[An Enquiry Concerning the Principles of Morals by David Hume]@TWC D-Link bookAn Enquiry Concerning the Principles of Morals PART I 1/7
It seems so natural a thought to ascribe to their utility the praise, which we bestow on the social virtues, that one would expect to meet with this principle everywhere in moral writers, as the chief foundation of their reasoning and enquiry.
In common life, we may observe, that the circumstance of utility is always appealed to; nor is it supposed, that a greater eulogy can be given to any man, than to display his usefulness to the public, and enumerate the services, which he has performed to mankind and society.

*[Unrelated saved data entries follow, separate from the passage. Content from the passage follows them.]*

(* Let $G$ be a compact group with normalized Haar measure $\mu$, and let $H$ be a (closed) subgroup of $G$ with finite index $[G:H]$. Then $H$ is normal in $G$ if and only if, for every $\rho\in\hat G$, $\operatorname{rank}\widehat{\chi_H}(\rho)$ is either $d_\rho$ or $0$.
   Context: $\chi_H$ is the characteristic function of $H$. $\hat G$ is the set of (equivalence classes of) irreducible unitary representations of $G$, $d_\rho$ the dimension of $\rho$, and $\widehat{\chi_H}(\rho)=\int_G \chi_H(x)\rho(x)^\dagger\,d\mu(x)$. *)

theory Defs
  imports "HOL-Analysis.Analysis" "HOL-Probability.Probability"
    "Jordan_Normal_Form.Schur_Decomposition" "Jordan_Normal_Form.DL_Rank"
begin

text \<open>Groups are written additively via the class group_add, which does NOT
assume commutativity. A compact group is a compact Hausdorff topological group.\<close>

definition compact_group :: "'g::{group_add, t2_space} itself \<Rightarrow> bool" where
  "compact_group _ \<longleftrightarrow> compact (UNIV :: 'g set)
     \<and> continuous_on UNIV (\<lambda>p::'g \<times> 'g. fst p + snd p)
     \<and> continuous_on UNIV (\<lambda>x::'g. - x)"

definition normalized_haar :: "'g::{group_add, topological_space} measure \<Rightarrow> bool" where
  "normalized_haar \<mu> \<longleftrightarrow> prob_space \<mu> \<and> sets \<mu> = sets borel
     \<and> (\<forall>g A. A \<in> sets borel \<longrightarrow> emeasure \<mu> ((\<lambda>x. g + x) ` A) = emeasure \<mu> A)"

definition is_subgroup :: "'g::group_add set \<Rightarrow> bool" where
  "is_subgroup H \<longleftrightarrow> 0 \<in> H \<and> (\<forall>x\<in>H. \<forall>y\<in>H. x + y \<in> H) \<and> (\<forall>x\<in>H. - x \<in> H)"
(* Let $(\mathcal{P},\cdot)$ be a finite-dimensional admissible Poisson algebra. Its nilradical $\mathcal{N}(\mathcal{P})$ (the unique maximal two-sided ideal of $(\mathcal{P},\cdot)$ consisting of nilpotent elements) coincides with the largest Lie ideal of $\mathfrak{g}_{\mathcal{P}}$ contained in the Jacobson radical $\mathcal{J}(\mathcal{A}_{\mathcal{P}})$ of the commutative associative algebra $\mathcal{A}_{\mathcal{P}}$.
   Context: $\mathbb{K}$ is a field of characteristic different from $2$ and $3$. Associator: $A(X,Y,Z)=(X\cdot Y)\cdot Z-X\cdot(Y\cdot Z)$. An admissible Poisson algebra is a $\mathbb{K}$-vector space $\mathcal{P}$ with a bilinear product $\cdot$ satisfying $3A(X,Y,Z)=(X\cdot Z)\cdot Y+(Y\cdot Z)\cdot X-(Y\cdot X)\cdot Z-(Z\cdot X)\cdot Y$ for all $X,Y,Z$. Its bracket $\{X,Y\}=\frac12(X\cdot Y-Y\cdot X)$ is a Lie bracket and its symmetrized product $X\bullet Y=\frac12(X\cdot Y+Y\cdot X)$ is commutative and associative; $\mathfrak{g}_{\mathcal{P}}=(\mathcal{P},\{\,,\,\})$, $\mathcal{A}_{\mathcal{P}}=(\mathcal{P},\bullet)$. Powers: $X^1=X$, $X^{i+1}=X\cdot X^i$; $X$ is nilpotent if $X^r=0$ for some $r$. *)

theory Defs
  imports Complex_Main
begin

text \<open>An algebra over a field 'k is modelled as a type 'v with an additive group
structure, a scalar multiplication scale, and a bilinear product mult.\<close>

definition bilinear_prod :: "('k::field \<Rightarrow> 'v::ab_group_add \<Rightarrow> 'v) \<Rightarrow> ('v \<Rightarrow> 'v \<Rightarrow> 'v) \<Rightarrow> bool" where
  "bilinear_prod scale mult \<longleftrightarrow>
     (\<forall>x. Vector_Spaces.linear scale scale (mult x)) \<and>
     (\<forall>y. Vector_Spaces.linear scale scale (\<lambda>x. mult x y))"

definition fin_dim :: "('k::field \<Rightarrow> 'v::ab_group_add \<Rightarrow> 'v) \<Rightarrow> bool" where
  "fin_dim scale \<longleftrightarrow> (\<exists>B. finite B \<and> module.span scale B = UNIV)"

definition assoc :: "('v::ab_group_add \<Rightarrow> 'v \<Rightarrow> 'v) \<Rightarrow> 'v \<Rightarrow> 'v \<Rightarrow> 'v \<Rightarrow> 'v" where
  "assoc mult x y z = mult (mult x y) z - mult x (mult y z)"

definition admissible_poisson :: "('k::field \<Rightarrow> 'v::ab_group_add \<Rightarrow> 'v) \<Rightarrow> ('v \<Rightarrow> 'v \<Rightarrow> 'v) \<Rightarrow> bool" where
  "admissible_poisson scale mult \<longleftrightarrow>
     (\<forall>x y z. scale 3 (assoc mult x y z) =
        mult (mult x z) y + mult (mult y z) x - mult (mult y x) z - mult (mult z x) y)"

definition pbracket :: "('k::field \<Rightarrow> 'v::ab_group_add \<Rightarrow> 'v) \<Rightarrow> ('v \<Rightarrow> 'v \<Rightarrow> 'v) \<Rightarrow> 'v \<Rightarrow> 'v \<Rightarrow> 'v" where
  "pbracket scale mult x y = scale (1/2) (mult x y - mult y x)"

definition sprod :: "('k::field \<Rightarrow> 'v::ab_group_add \<Rightarrow> 'v) \<Rightarrow> ('v \<Rightarrow> 'v \<Rightarrow> 'v) \<Rightarrow> 'v \<Rightarrow> 'v \<Rightarrow> 'v" where
  "sprod scale mult x y = scale (1/2) (mult x y + mult y x)"

text \<open>Powers: lpow mult x n = X^(n+1), with X^1 = X and X^(i+1) = X \<cdot> X^i.\<close>
fun lpow :: "('v \<Rightarrow> 'v \<Rightarrow> 'v) \<Rightarrow> 'v \<Rightarrow> nat \<Rightarrow> 'v" where
  "lpow mult x 0 = x"
| "lpow mult x (Suc n) = mult x (lpow mult x n)"

definition nilpotent_elem :: "('v::zero \<Rightarrow> 'v \<Rightarrow> 'v) \<Rightarrow> 'v \<Rightarrow> bool" where
  "nilpotent_elem mult x \<longleftrightarrow> (\<exists>n. lpow mult x n = 0)"

definition two_sided_ideal :: "('k::field \<Rightarrow> 'v::ab_group_add \<Rightarrow> 'v) \<Rightarrow> ('v \<Rightarrow> 'v \<Rightarrow> 'v) \<Rightarrow> 'v set \<Rightarrow> bool" where
  "two_sided_ideal scale m I \<longleftrightarrow> module.subspace scale I \<and>
     (\<forall>x. \<forall>a\<in>I. m x a \<in> I \<and> m a x \<in> I)"

definition nil_ideal :: "('k::field \<Rightarrow> 'v::ab_group_add \<Rightarrow> 'v) \<Rightarrow> ('v \<Rightarrow> 'v \<Rightarrow> 'v) \<Rightarrow> 'v set \<Rightarrow> bool" where
  "nil_ideal scale mult I \<longleftrightarrow> two_sided_ideal scale mult I \<and> (\<forall>a\<in>I. nilpotent_elem mult a)"

definition is_nilradical :: "('k::field \<Rightarrow> 'v::ab_group_add \<Rightarrow> 'v) \<Rightarrow> ('v \<Rightarrow> 'v \<Rightarrow> 'v) \<Rightarrow> 'v set \<Rightarrow> bool" where
  "is_nilradical scale mult N \<longleftrightarrow> nil_ideal scale mult N \<and>
     (\<forall>I. nil_ideal scale mult I \<longrightarrow> I \<subseteq> N)"

text \<open>Jacobson radical of a commutative associative (possibly non-unital) algebra with
product p: the largest quasi-regular ideal, i.e. the union (= sum) of all ideals all of whose
elements are quasi-regular (y quasi-regular iff y + z - yz = 0 = y + z - zy for some z).\<close>
definition quasi_regular :: "('v::ab_group_add \<Rightarrow> 'v \<Rightarrow> 'v) \<Rightarrow> 'v \<Rightarrow> bool" where
  "quasi_regular p y \<longleftrightarrow> (\<exists>z. y + z - p y z = 0 \<and> y + z - p z y = 0)"

definition jacobson_radical :: "('k::field \<Rightarrow> 'v::ab_group_add \<Rightarrow> 'v) \<Rightarrow> ('v \<Rightarrow> 'v \<Rightarrow> 'v) \<Rightarrow> 'v set" where
  "jacobson_radical scale p =
     \<Union>{I. two_sided_ideal scale p I \<and> (\<forall>y\<in>I. quasi_regular p y)}"

definition lie_ideal :: "('k::field \<Rightarrow> 'v::ab_group_add \<Rightarrow> 'v) \<Rightarrow> ('v \<Rightarrow> 'v \<Rightarrow> 'v) \<Rightarrow> 'v set \<Rightarrow> bool" where
  "lie_ideal scale b I \<longleftrightarrow> module.subspace scale I \<and> (\<forall>x. \<forall>a\<in>I. b x a \<in> I)"

definition largest_lie_ideal_in :: "('k::field \<Rightarrow> 'v::ab_group_add \<Rightarrow> 'v) \<Rightarrow> ('v \<Rightarrow> 'v \<Rightarrow> 'v) \<Rightarrow> 'v set \<Rightarrow> 'v set \<Rightarrow> bool" where
  "largest_lie_ideal_in scale b J L \<longleftrightarrow> lie_ideal scale b L \<and> L \<subseteq> J \<and>
     (\<forall>I. lie_ideal scale b I \<and> I \<subseteq> J \<longrightarrow> I \<subseteq> L)"

end

theory Submission imports Defs begin

text \<open>Admissibility makes the symmetrized product commutative and associative and the
bracket a derivation of it (Leibniz rule); moreover powers for the original product and
for the symmetrized one agree, so nilpotency means the same for both. A two-sided ideal
of the original product is thus the same as a subspace that is an ideal for both the
symmetrized product and the bracket. Nilpotent elements are quasi-regular, so a nil ideal
lies in the Jacobson radical J and, being a Lie ideal, in the largest Lie ideal L inside J.
Conversely, by the Leibniz rule L plus its products with the whole algebra is again a Lie
ideal in J, hence equals L; so L is a two-sided ideal. Finally, in finite dimension every
element y of J is nilpotent: some power y^m lies in the span of the higher powers, so
y^m = y^m w with w in J, and quasi-regularity of w forces y^m = 0.\<close>

context vector_space
begin

lemma fin_dim_ex_mem_span_tail:
  fixes f :: "nat \<Rightarrow> 'b"
  assumes "fin_dim scale"
  shows "\<exists>m. f m \<in> span (f ` {m<..})"
proof -
  obtain B where B: "finite B" "span B = UNIV"
    using assms unfolding fin_dim_def by blast
  obtain B' where B': "B' \<subseteq> B" "independent B'" "B \<subseteq> span B'"
    using maximal_independent_subset[of B] by blast
  have "span B' = UNIV"
    using B(2) span_minimal[OF B'(3)] by auto
  then interpret F: finite_dimensional_vector_space scale B'
    by unfold_locales (use B B' finite_subset in auto)
  show ?thesis
  proof (rule ccontr)
    assume none: "\<nexists>m. f m \<in> span (f ` {m<..})"
    have step: "dim (f ` {m..}) = Suc (dim (f ` {Suc m..}))" for m
    proof -
      have "{m..} = insert m {Suc m..}"
        by auto
      then have "f ` {m..} = insert (f m) (f ` {Suc m..})"
        by simp
      moreover have "f m \<notin> span (f ` {Suc m..})"
        using none by (simp add: atLeast_Suc_greaterThan)
      ultimately show ?thesis by (simp add: F.dim_insert)
    qed
    have "dim (f ` {0..}) = dim (f ` {n..}) + n" for n
    proof (induction n)
      case (Suc n)
      then show ?case
        using step[of n] by simp
    qed simp
    then have "dim (f ` {0..}) \<ge> Suc F.dimension"
      by (metis le_add2)
    then show False
      using F.dim_subset_UNIV[of "f ` {0..}"] by simp
  qed
qed

lemma lie_ideal_span:
  assumes b: "\<And>x. module_hom scale scale (b x)" and G: "\<And>x. b x ` G \<subseteq> span G"
  shows "lie_ideal scale b (span G)"
proof -
  have "b x ` span G \<subseteq> span G" for x
    using span_minimal[OF G[of x]] by (simp add: module_hom.span_image[OF b])
  then show ?thesis
    unfolding lie_ideal_def by auto
qed

lemma largest_lie_ideal_in_exists:
  assumes b: "\<And>x. module_hom scale scale (b x)" and J: "subspace J"
  shows "\<exists>L. largest_lie_ideal_in scale b J L"
proof -
  let ?U = "\<Union>{I. lie_ideal scale b I \<and> I \<subseteq> J}"
  have "b x ` ?U \<subseteq> span ?U" for x
    using span_superset[of ?U] unfolding lie_ideal_def by blast
  then have "lie_ideal scale b (span ?U)"
    by (rule lie_ideal_span[OF b])
  moreover have "span ?U \<subseteq> J"
    by (rule span_minimal[OF _ J]) blast
  moreover have "I \<subseteq> span ?U" if "lie_ideal scale b I" "I \<subseteq> J" for I
    using that span_superset[of ?U] by blast
  ultimately show ?thesis
    unfolding largest_lie_ideal_in_def by blast
qed

end

locale bilinear_algebra = vector_space scale
  for scale :: "'k::field \<Rightarrow> 'v::ab_group_add \<Rightarrow> 'v" +
  fixes mult :: "'v \<Rightarrow> 'v \<Rightarrow> 'v"
  assumes bilinear: "bilinear_prod scale mult"
begin

lemma module_hom_mult_left: "module_hom scale scale (mult x)"
  using bilinear by (simp add: bilinear_prod_def module_hom_iff_linear)

lemma module_hom_mult_right: "module_hom scale scale (\<lambda>a. mult a y)"
  using bilinear by (simp add: bilinear_prod_def module_hom_iff_linear)

lemma mult_simps:
  "mult x (a + b) = mult x a + mult x b"
  "mult x (scale c a) = scale c (mult x a)"
  "mult x 0 = 0" "mult x (- a) = - mult x a" "mult x (a - b) = mult x a - mult x b"
  "mult (a + b) y = mult a y + mult b y"
  "mult (scale c a) y = scale c (mult a y)"
  "mult 0 y = 0" "mult (- a) y = - mult a y" "mult (a - b) y = mult a y - mult b y"
  using module_hom.add[OF module_hom_mult_left] module_hom.scale[OF module_hom_mult_left]
    module_hom.zero[OF module_hom_mult_left] module_hom.neg[OF module_hom_mult_left]
    module_hom.diff[OF module_hom_mult_left]
    module_hom.add[OF module_hom_mult_right] module_hom.scale[OF module_hom_mult_right]
    module_hom.zero[OF module_hom_mult_right] module_hom.neg[OF module_hom_mult_right]
    module_hom.diff[OF module_hom_mult_right]
  by auto

end

locale comm_assoc_algebra = bilinear_algebra +
  assumes mult_commute: "mult x y = mult y x"
    and mult_assoc: "mult (mult x y) z = mult x (mult y z)"
begin

text \<open>In the unitisation, (1 - u)(1 - v) = 1 - circle u v; quasi-inverses are inverses
for this associative operation with neutral element 0.\<close>
definition circle where
  "circle u v = u + v - mult u v"

lemma circle_assoc: "circle (circle u v) w = circle u (circle v w)"
  unfolding circle_def by (simp add: mult_simps mult_assoc algebra_simps)

lemma quasi_regular_iff_circle: "quasi_regular mult y \<longleftrightarrow> (\<exists>z. circle y z = 0)"
  unfolding quasi_regular_def circle_def by (metis mult_commute)

lemma two_sided_ideal_iff:
  "two_sided_ideal scale mult I \<longleftrightarrow> subspace I \<and> (\<forall>x. \<forall>a\<in>I. mult x a \<in> I)"
  unfolding two_sided_ideal_def by (metis mult_commute)

definition quasi_regular_ideal where
  "quasi_regular_ideal I \<longleftrightarrow> two_sided_ideal scale mult I \<and> (\<forall>y\<in>I. quasi_regular mult y)"

lemma quasi_regular_ideal_subset_jacobson_radical:
  "quasi_regular_ideal I \<Longrightarrow> I \<subseteq> jacobson_radical scale mult"
  unfolding quasi_regular_ideal_def jacobson_radical_def by blast

lemma quasi_regular_ideal_sum:
  assumes I1: "quasi_regular_ideal I1" and I2: "quasi_regular_ideal I2"
  shows "quasi_regular_ideal {x + y |x y. x \<in> I1 \<and> y \<in> I2}" (is "quasi_regular_ideal ?S")
proof -
  have sub1: "subspace I1" and sub2: "subspace I2"
    and mem1: "\<And>x a. a \<in> I1 \<Longrightarrow> mult x a \<in> I1" and mem2: "\<And>x a. a \<in> I2 \<Longrightarrow> mult x a \<in> I2"
    using I1 I2 by (auto simp: quasi_regular_ideal_def two_sided_ideal_iff)
  have "mult x u \<in> ?S" if "u \<in> ?S" for x u
    using that mem1 mem2 by (fastforce simp: mult_simps)
  then have ideal: "two_sided_ideal scale mult ?S"
    using subspace_sums[OF sub1 sub2] by (simp add: two_sided_ideal_iff)
  have "quasi_regular mult u" if "u \<in> ?S" for u
  proof -
    obtain p q where u: "u = p + q" "p \<in> I1" "q \<in> I2"
      using \<open>u \<in> ?S\<close> by blast
    obtain p' where p': "circle p p' = 0"
      using I1 u(2) by (auto simp: quasi_regular_ideal_def quasi_regular_iff_circle)
    have "circle u p' = q - mult q p'"
      using p' u(1) unfolding circle_def by (simp add: mult_simps algebra_simps)
    moreover have "q - mult q p' \<in> I2"
      using u(3) mem2[OF u(3), of p'] sub2 by (metis subspace_diff mult_commute)
    then obtain q' where "circle (q - mult q p') q' = 0"
      using I2 by (auto simp: quasi_regular_ideal_def quasi_regular_iff_circle)
    ultimately have "circle u (circle p' q') = 0"
      by (simp add: circle_assoc[symmetric])
    then show ?thesis
      by (auto simp: quasi_regular_iff_circle)
  qed
  with ideal show ?thesis
    unfolding quasi_regular_ideal_def by blast
qed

What praise, even of an inanimate form, if the regularity and elegance of its parts destroy not its fitness for any useful purpose! And how satisfactory an apology for any disproportion or seeming deformity, if we can show the necessity of that particular construction for the use intended! A ship appears more beautiful to an artist, or one moderately skilled in navigation, where its prow is wide and swelling beyond its poop, than if it were framed with a precise geometrical regularity, in contradiction to all the laws of mechanics.
A building, whose doors and windows were exact squares, would hurt the eye by that very proportion; as ill adapted to the figure of a human creature, for whose service the fabric was intended. What wonder then, that a man, whose habits and conduct are hurtful to society, and dangerous or pernicious to every one who has an intercourse with him, should, on that account, be an object of disapprobation, and communicate to every spectator the strongest sentiment of disgust and hatred. [Footnote: We ought not to imagine, because an inanimate object may be useful as well as a man, that therefore it ought also, according to this system, to merit he appellation of VIRTUOUS.
The sentiments, excited by utility, are, in the two cases, very different; and the one is mixed with affection, esteem, approbation, &c., and not the other.